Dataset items
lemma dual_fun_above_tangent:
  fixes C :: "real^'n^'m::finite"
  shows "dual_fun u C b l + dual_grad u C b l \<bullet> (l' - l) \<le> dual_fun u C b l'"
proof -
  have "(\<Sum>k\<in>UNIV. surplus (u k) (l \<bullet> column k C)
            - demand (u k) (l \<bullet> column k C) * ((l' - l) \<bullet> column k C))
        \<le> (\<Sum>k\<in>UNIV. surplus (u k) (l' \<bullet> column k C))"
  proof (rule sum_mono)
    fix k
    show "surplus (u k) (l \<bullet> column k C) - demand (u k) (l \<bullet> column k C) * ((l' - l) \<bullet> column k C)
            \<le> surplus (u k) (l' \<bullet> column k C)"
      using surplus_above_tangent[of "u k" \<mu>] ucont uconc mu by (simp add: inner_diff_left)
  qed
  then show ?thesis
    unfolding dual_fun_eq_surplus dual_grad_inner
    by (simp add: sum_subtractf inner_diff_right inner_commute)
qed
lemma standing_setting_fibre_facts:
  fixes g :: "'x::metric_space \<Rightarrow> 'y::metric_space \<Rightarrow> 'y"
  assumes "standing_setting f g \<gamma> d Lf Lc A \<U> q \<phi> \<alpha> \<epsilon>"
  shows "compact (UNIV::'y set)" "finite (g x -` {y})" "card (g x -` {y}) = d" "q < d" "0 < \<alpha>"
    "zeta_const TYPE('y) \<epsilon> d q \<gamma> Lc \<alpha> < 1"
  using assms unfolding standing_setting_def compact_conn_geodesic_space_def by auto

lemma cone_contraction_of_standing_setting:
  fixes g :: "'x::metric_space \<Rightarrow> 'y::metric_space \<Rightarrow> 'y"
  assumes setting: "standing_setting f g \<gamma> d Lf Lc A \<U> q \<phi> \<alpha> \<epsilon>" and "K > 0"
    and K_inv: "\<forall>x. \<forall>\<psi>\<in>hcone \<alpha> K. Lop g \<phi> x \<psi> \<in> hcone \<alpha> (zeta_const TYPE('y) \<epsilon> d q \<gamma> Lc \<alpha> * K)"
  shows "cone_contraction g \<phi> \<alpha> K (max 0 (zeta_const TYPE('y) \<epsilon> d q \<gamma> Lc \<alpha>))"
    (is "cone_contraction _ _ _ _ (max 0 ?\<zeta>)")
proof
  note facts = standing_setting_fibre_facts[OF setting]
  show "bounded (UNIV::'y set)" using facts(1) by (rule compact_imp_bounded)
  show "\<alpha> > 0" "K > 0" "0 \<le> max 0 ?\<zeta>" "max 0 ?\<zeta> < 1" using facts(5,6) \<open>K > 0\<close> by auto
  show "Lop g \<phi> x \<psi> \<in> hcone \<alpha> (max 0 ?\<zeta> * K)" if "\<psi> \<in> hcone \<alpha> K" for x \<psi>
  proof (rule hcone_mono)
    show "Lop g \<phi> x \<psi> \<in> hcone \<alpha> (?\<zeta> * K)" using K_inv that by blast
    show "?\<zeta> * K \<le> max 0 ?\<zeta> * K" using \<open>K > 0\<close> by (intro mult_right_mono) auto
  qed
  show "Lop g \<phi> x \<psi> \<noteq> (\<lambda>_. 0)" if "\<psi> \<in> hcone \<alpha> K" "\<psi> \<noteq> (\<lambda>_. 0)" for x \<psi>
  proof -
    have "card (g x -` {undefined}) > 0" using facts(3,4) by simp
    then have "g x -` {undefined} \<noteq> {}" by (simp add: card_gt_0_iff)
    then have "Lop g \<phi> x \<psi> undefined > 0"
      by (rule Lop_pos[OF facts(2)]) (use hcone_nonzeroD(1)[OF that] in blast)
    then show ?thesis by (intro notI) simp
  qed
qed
...
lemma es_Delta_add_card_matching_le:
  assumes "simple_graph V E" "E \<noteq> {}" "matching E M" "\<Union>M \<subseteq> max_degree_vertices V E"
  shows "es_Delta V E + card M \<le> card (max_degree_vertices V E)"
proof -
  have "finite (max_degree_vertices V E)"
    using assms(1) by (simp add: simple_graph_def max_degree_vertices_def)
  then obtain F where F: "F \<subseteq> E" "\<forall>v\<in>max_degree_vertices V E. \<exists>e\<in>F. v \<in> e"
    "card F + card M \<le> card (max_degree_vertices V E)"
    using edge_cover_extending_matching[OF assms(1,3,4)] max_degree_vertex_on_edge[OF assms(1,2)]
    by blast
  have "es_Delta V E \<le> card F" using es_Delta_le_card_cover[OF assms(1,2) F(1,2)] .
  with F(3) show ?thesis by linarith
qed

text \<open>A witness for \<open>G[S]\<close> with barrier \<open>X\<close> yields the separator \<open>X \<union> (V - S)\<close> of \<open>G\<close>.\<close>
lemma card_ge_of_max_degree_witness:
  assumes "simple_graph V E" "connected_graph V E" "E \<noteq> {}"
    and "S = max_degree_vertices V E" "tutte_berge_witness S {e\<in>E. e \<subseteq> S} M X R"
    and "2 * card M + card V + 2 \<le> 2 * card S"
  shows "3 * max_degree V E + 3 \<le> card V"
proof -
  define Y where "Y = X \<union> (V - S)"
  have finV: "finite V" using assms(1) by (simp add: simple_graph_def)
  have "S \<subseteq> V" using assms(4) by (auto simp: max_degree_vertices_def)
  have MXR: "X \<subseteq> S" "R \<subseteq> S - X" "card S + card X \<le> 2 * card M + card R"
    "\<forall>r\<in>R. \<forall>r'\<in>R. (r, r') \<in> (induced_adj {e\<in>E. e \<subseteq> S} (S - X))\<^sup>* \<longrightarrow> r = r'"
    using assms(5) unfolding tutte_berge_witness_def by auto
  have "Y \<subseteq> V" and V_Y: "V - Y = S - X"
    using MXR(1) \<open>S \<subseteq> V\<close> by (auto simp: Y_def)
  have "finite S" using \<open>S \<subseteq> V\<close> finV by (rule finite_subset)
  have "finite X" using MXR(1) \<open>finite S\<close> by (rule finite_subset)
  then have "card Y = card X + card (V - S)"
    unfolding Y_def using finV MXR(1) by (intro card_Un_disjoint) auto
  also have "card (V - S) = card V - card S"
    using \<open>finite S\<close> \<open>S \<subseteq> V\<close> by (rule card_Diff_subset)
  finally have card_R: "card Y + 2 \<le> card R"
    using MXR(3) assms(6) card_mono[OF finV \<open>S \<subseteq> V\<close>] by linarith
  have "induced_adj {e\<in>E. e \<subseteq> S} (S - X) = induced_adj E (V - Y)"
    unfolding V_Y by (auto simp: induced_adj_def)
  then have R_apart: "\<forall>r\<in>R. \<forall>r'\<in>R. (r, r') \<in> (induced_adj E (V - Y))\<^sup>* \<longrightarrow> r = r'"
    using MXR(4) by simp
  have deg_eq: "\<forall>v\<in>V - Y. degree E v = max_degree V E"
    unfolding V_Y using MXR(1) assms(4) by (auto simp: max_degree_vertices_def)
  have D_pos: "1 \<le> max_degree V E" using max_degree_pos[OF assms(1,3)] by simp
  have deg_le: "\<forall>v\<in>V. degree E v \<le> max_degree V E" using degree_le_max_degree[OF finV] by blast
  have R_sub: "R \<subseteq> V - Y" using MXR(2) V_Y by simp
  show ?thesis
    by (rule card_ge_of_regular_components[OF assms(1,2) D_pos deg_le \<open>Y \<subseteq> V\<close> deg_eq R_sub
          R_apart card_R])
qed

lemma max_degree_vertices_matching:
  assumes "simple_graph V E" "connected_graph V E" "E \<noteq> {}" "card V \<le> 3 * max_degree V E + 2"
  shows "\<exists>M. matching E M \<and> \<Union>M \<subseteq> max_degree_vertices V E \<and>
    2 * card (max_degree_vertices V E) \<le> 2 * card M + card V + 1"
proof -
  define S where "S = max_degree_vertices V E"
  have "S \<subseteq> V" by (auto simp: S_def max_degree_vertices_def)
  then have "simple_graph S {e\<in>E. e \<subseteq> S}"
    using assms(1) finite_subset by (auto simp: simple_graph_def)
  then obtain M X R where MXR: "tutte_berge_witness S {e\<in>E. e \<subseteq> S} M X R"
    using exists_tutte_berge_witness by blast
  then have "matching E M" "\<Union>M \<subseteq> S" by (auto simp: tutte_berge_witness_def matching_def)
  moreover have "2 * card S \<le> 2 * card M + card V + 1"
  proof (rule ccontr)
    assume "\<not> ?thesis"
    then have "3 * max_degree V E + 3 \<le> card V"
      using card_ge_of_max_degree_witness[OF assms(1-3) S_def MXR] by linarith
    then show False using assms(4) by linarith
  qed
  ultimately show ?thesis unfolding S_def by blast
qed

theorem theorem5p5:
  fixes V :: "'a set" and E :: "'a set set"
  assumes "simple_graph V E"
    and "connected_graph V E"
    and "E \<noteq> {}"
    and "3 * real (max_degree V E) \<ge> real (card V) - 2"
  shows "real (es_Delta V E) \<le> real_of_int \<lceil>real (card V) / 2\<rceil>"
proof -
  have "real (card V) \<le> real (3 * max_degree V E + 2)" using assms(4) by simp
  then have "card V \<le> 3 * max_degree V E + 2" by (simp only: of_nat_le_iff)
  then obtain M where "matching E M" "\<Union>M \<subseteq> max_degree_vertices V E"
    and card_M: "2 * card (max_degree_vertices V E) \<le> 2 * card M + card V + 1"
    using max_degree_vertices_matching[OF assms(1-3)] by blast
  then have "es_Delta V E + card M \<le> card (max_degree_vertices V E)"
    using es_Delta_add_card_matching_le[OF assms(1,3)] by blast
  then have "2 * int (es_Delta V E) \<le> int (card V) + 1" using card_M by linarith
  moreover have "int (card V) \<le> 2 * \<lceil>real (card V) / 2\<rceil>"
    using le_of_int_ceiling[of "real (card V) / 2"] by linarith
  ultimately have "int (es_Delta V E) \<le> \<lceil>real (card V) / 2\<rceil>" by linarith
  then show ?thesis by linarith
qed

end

WORK TO BE COMPLETED ::
Find each line in the records holding the string "lceil" and show it.

OUTPUT ::
  shows "real (es_Delta V E) \<le> real_of_int \<lceil>real (card V) / 2\<rceil>"
  moreover have "int (card V) \<le> 2 * \<lceil>real (card V) / 2\<rceil>"
  ultimately have "int (es_Delta V E) \<le> \<lceil>real (card V) / 2\<rceil>" by linarith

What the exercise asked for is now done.